Source records:
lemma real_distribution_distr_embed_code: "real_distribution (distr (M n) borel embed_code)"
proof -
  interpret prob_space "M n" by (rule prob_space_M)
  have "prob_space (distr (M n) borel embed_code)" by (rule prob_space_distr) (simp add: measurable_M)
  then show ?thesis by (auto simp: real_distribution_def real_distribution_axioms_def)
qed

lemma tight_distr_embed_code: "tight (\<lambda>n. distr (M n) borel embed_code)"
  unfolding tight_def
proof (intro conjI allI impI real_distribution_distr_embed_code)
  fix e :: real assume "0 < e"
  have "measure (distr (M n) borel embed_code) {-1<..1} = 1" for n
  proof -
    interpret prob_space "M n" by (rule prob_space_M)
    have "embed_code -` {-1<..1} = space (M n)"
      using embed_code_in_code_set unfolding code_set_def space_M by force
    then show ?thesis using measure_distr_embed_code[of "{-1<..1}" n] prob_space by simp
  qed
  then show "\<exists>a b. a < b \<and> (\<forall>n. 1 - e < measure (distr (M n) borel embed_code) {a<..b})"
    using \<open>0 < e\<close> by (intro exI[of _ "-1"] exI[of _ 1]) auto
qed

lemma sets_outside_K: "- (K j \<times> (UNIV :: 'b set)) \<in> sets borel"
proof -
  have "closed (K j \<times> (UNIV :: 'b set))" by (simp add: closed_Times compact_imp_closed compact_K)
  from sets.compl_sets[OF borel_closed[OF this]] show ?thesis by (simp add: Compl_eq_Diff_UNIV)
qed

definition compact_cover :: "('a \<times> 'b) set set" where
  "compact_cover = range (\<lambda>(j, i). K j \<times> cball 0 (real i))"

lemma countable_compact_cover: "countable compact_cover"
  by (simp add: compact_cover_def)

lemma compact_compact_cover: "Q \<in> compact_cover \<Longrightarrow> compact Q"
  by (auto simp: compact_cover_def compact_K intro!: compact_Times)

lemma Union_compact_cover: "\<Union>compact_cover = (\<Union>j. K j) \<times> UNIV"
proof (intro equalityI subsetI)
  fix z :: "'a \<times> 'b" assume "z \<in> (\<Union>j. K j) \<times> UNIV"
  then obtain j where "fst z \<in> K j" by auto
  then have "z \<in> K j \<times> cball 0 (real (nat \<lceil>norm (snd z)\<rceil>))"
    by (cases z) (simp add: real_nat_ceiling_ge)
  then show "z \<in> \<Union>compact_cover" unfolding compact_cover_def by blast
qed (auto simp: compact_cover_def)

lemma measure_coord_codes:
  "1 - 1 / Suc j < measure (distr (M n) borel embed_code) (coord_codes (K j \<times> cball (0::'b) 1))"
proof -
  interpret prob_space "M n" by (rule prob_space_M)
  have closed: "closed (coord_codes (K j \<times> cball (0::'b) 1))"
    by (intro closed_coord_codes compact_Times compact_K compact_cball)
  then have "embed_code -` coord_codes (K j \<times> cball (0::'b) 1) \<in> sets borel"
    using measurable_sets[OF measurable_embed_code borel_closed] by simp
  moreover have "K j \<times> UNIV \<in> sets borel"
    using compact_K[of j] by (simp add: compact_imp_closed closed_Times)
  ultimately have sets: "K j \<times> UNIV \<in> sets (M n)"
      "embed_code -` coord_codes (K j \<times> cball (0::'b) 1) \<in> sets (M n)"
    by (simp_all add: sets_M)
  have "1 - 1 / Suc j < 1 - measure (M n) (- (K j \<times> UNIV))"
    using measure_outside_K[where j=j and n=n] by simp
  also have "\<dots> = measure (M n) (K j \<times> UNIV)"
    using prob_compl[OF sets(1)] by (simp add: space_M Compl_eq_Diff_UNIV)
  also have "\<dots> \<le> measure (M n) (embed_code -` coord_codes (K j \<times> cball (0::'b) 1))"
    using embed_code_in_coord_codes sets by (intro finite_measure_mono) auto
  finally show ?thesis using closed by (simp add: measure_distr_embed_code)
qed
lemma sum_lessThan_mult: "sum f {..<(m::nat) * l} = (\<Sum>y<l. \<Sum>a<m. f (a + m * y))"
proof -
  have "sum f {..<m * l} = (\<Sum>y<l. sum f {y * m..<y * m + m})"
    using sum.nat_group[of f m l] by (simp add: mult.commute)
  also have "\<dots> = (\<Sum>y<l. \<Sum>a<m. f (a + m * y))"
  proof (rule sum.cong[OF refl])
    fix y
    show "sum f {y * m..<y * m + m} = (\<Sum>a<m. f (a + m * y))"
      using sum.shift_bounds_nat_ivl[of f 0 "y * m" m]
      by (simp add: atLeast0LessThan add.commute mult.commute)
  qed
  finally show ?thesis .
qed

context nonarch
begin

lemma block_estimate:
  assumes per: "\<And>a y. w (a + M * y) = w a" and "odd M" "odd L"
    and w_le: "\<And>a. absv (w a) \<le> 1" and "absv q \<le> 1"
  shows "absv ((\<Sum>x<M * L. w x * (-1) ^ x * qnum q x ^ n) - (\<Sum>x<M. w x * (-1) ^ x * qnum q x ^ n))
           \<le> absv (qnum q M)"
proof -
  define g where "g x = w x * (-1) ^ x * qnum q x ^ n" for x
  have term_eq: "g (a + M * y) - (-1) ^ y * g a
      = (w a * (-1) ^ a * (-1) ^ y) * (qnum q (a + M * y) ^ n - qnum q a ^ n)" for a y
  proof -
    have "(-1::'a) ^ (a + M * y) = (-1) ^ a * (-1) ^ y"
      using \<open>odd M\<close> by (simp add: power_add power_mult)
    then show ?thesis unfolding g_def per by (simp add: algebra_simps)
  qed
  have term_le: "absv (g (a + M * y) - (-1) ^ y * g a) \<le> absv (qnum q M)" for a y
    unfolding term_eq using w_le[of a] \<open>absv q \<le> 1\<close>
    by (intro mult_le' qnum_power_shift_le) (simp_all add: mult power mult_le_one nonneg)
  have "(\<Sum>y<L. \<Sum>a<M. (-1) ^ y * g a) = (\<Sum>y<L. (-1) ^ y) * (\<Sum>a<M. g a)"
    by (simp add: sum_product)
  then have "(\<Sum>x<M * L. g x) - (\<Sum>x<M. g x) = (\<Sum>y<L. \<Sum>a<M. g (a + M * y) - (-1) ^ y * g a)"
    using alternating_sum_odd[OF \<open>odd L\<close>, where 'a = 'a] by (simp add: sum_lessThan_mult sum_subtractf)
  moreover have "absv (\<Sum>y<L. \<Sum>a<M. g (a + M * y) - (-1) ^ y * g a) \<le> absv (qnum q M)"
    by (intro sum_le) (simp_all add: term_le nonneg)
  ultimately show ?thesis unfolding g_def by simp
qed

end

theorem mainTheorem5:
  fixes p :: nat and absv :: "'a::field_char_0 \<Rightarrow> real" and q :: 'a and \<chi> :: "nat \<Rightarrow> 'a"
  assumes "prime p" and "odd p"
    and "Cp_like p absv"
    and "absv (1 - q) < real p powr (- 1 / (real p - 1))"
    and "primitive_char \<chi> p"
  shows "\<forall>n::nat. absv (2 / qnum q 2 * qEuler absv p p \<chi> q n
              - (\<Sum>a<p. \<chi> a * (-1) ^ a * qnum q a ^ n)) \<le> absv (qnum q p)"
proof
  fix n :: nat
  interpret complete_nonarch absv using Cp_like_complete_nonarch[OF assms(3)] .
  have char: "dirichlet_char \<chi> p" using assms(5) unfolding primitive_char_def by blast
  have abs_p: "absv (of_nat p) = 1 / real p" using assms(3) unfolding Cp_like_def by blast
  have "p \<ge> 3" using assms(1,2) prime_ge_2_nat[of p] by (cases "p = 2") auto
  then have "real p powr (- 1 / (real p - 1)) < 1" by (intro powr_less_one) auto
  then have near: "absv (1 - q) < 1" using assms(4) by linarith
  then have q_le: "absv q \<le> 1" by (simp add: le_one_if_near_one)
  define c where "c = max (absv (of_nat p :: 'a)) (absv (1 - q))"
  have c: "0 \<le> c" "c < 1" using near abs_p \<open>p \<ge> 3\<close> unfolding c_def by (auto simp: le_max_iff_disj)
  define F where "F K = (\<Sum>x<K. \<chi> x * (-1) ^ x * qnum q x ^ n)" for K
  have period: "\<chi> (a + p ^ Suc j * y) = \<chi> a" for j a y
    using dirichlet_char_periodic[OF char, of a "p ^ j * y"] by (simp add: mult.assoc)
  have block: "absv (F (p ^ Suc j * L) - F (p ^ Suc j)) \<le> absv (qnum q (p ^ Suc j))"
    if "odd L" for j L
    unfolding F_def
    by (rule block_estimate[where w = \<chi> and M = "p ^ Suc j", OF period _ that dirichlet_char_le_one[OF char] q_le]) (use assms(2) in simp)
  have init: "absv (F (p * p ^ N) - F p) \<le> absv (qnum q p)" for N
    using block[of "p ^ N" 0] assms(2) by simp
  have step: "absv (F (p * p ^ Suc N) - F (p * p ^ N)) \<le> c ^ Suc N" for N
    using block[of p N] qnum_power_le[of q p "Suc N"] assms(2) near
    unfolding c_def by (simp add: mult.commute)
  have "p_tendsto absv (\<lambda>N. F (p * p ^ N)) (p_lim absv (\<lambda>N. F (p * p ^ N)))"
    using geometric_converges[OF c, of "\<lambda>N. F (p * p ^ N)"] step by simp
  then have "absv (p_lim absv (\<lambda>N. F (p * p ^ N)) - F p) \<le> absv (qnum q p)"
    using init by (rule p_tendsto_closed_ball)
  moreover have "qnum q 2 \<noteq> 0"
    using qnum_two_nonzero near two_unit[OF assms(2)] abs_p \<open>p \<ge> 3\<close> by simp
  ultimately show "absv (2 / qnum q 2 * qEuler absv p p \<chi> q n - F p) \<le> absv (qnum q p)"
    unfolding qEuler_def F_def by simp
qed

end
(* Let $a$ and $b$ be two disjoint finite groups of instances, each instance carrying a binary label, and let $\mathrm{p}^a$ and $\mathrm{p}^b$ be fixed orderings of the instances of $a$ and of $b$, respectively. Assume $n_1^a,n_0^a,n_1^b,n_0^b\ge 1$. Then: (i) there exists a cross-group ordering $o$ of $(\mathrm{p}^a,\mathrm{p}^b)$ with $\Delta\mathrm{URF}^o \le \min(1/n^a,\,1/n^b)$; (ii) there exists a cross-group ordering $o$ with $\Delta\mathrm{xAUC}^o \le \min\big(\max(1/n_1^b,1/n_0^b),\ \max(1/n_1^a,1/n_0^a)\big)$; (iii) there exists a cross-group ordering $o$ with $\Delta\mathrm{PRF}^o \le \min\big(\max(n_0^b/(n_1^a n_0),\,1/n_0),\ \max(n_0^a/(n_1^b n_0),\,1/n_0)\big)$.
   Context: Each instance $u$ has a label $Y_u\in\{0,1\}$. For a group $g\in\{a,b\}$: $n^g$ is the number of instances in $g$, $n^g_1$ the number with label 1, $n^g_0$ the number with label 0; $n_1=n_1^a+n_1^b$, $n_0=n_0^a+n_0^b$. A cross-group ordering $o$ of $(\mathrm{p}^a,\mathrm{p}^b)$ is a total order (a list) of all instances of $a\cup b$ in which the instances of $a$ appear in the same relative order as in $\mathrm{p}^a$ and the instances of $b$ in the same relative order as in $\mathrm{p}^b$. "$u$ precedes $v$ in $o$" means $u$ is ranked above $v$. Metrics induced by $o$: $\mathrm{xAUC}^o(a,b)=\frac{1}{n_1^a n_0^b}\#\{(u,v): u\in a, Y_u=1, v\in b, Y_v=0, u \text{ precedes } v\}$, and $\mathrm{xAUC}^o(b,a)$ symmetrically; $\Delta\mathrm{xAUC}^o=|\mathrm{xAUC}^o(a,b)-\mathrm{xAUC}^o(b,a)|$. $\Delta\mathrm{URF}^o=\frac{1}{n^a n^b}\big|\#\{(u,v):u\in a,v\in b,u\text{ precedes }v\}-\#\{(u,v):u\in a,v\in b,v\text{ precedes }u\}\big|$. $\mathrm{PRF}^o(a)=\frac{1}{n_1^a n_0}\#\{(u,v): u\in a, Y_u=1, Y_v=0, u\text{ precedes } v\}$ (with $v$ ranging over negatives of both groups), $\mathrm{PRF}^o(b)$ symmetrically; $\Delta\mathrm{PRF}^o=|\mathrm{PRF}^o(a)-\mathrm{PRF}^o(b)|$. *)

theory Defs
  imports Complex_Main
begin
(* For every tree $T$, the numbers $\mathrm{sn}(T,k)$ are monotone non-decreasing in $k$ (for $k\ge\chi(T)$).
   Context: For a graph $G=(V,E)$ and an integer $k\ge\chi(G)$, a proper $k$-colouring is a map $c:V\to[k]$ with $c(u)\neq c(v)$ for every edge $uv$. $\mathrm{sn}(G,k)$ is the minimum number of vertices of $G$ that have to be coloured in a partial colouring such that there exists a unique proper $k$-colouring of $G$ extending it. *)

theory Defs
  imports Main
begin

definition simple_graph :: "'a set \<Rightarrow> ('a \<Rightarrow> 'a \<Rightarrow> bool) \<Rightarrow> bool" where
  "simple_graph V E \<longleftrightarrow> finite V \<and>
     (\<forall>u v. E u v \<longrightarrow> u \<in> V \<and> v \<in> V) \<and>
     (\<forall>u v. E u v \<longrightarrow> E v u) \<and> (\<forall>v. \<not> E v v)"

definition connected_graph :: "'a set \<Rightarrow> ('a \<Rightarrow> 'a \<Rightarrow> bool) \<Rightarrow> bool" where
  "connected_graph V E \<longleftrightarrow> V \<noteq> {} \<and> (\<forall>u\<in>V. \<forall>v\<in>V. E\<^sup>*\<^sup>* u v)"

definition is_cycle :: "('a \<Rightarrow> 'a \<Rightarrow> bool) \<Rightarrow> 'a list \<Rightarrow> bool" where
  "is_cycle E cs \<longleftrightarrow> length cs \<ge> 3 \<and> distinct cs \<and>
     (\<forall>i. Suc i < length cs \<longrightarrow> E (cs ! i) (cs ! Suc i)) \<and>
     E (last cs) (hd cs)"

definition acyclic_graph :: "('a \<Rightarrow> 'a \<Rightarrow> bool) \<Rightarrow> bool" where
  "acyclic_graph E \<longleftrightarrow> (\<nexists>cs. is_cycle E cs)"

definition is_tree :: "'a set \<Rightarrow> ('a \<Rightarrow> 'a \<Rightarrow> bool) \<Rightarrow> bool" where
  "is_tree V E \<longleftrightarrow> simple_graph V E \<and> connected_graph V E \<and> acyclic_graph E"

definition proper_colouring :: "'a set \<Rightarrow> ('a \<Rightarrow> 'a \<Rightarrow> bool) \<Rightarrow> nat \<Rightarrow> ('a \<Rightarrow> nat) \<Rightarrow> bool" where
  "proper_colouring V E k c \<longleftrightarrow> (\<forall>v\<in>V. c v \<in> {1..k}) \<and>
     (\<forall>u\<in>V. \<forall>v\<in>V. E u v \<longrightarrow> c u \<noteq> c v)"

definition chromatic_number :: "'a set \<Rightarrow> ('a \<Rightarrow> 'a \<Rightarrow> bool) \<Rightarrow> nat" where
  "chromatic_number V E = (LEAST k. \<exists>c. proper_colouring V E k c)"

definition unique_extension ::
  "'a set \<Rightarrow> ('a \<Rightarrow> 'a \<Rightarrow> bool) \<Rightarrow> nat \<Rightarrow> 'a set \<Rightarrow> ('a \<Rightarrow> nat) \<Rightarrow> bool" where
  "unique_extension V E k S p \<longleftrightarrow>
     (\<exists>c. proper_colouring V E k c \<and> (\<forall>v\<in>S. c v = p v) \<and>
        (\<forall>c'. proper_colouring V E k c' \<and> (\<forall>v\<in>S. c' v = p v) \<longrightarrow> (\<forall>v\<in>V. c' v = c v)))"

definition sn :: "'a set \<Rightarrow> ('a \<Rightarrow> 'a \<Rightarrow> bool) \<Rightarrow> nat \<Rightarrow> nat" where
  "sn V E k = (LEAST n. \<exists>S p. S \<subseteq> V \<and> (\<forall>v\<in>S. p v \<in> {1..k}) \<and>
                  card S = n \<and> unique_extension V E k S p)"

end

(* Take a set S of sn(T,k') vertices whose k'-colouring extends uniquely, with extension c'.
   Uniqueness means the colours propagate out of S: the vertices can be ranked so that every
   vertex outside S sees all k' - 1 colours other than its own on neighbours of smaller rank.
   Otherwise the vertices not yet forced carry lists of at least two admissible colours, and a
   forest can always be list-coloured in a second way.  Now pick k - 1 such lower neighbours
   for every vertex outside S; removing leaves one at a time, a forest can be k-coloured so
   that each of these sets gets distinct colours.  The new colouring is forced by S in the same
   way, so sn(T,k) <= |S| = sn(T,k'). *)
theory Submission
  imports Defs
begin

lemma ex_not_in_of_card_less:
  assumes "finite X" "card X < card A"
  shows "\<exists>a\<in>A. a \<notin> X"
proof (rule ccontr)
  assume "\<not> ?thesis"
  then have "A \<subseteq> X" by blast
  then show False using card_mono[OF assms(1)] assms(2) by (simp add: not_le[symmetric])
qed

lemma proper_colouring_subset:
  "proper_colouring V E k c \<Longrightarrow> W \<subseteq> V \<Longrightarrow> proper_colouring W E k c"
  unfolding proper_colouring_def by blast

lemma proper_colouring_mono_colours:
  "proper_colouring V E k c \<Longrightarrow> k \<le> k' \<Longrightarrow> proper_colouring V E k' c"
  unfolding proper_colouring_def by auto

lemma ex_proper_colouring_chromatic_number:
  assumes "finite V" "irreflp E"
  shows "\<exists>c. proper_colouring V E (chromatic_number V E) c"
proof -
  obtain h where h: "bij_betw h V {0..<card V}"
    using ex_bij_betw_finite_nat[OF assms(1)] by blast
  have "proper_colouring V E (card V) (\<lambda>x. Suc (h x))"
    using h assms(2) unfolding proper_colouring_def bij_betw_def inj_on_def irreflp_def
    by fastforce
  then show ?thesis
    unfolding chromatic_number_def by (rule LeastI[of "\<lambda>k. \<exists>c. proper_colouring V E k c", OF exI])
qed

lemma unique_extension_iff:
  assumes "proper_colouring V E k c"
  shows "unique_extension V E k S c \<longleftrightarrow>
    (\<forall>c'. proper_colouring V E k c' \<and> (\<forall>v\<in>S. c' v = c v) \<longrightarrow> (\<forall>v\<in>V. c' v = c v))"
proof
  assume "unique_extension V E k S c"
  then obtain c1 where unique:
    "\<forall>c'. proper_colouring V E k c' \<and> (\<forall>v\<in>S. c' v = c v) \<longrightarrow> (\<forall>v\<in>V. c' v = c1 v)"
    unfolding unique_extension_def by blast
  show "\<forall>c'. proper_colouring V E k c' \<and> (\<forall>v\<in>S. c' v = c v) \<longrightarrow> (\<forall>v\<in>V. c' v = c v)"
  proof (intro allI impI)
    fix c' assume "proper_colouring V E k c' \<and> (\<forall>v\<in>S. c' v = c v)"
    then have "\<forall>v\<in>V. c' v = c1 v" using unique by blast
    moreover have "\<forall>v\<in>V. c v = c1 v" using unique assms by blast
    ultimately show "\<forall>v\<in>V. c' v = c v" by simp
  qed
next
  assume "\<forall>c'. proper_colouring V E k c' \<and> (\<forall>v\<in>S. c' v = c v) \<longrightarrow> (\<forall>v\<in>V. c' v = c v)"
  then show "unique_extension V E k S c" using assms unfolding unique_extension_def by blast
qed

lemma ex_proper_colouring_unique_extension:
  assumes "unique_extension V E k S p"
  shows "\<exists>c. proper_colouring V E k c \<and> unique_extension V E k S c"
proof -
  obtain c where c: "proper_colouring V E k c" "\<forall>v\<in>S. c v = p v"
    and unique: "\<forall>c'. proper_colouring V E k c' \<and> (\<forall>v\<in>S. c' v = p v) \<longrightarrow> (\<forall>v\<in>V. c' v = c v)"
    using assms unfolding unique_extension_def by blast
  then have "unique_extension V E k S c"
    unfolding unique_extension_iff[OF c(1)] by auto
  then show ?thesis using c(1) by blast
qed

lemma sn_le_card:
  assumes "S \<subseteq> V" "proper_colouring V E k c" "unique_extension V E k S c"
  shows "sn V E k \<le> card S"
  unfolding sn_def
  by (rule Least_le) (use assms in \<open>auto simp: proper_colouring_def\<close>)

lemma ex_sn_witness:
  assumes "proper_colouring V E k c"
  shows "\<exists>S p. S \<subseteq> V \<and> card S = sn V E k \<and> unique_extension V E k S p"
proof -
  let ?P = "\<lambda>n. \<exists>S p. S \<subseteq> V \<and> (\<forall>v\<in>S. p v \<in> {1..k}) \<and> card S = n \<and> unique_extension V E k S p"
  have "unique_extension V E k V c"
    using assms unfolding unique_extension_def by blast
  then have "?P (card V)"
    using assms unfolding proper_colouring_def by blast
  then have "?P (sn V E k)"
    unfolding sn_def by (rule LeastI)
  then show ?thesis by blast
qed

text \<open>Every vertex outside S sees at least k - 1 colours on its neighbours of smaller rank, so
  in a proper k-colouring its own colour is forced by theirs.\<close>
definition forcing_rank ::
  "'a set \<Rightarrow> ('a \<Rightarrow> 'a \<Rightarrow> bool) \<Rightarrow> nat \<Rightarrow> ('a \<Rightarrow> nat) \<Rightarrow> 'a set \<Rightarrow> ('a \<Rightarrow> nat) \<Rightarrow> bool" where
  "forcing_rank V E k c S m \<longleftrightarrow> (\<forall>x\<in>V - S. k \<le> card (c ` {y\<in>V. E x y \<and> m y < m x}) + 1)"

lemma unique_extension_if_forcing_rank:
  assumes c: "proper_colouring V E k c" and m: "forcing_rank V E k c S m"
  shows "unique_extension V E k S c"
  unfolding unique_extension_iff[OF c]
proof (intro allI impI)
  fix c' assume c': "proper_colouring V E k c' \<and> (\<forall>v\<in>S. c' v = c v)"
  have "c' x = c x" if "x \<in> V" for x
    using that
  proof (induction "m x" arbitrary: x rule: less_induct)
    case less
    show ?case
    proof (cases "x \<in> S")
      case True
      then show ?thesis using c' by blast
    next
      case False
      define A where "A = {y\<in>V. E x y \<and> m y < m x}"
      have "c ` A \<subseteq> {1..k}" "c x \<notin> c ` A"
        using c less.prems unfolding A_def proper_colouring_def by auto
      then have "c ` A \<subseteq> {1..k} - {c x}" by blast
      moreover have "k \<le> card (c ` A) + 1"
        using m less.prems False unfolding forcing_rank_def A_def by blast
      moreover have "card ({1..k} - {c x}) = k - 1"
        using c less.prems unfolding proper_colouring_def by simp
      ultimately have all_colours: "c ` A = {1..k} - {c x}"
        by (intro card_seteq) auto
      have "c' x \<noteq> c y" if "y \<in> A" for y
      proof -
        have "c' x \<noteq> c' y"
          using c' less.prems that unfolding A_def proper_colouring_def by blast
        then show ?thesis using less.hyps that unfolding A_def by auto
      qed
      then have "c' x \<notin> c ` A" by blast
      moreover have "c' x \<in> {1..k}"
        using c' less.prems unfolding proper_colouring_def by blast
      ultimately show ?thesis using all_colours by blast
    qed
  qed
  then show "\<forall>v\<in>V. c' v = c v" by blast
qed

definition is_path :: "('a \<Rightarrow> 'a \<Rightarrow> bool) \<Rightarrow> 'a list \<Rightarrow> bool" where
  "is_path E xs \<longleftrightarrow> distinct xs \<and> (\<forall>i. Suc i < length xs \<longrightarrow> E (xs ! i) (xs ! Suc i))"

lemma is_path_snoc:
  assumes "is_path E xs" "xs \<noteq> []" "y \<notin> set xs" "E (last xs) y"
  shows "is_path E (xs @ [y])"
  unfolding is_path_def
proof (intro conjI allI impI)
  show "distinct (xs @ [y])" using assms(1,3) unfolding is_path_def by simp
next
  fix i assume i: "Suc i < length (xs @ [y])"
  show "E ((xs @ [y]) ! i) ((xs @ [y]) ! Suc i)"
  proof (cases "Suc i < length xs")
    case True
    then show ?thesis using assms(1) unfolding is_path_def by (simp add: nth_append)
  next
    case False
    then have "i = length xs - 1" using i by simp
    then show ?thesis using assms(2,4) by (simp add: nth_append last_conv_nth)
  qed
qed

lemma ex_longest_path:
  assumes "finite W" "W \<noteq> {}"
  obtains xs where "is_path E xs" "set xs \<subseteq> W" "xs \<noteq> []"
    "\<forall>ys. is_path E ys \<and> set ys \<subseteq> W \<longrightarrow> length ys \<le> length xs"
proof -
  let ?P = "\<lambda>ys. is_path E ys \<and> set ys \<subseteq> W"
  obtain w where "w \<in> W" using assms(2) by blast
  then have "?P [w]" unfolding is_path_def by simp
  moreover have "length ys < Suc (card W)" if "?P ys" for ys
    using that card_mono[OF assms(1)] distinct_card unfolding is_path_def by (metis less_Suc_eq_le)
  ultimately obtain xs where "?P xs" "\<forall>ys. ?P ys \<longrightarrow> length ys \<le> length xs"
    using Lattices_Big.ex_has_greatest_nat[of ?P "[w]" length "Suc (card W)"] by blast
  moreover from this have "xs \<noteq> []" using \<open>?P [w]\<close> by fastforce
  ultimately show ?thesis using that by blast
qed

*PROBLEM REQUIREMENTS*:
Your task is to repeat the records exactly. Begin at their first line and stop after the line containing "(simp add: measurable_M)".

*ANSWER SECTION*:
lemma real_distribution_distr_embed_code: "real_distribution (distr (M n) borel embed_code)"
proof -
  interpret prob_space "M n" by (rule prob_space_M)
  have "prob_space (distr (M n) borel embed_code)" by (rule prob_space_distr) (simp add: measurable_M)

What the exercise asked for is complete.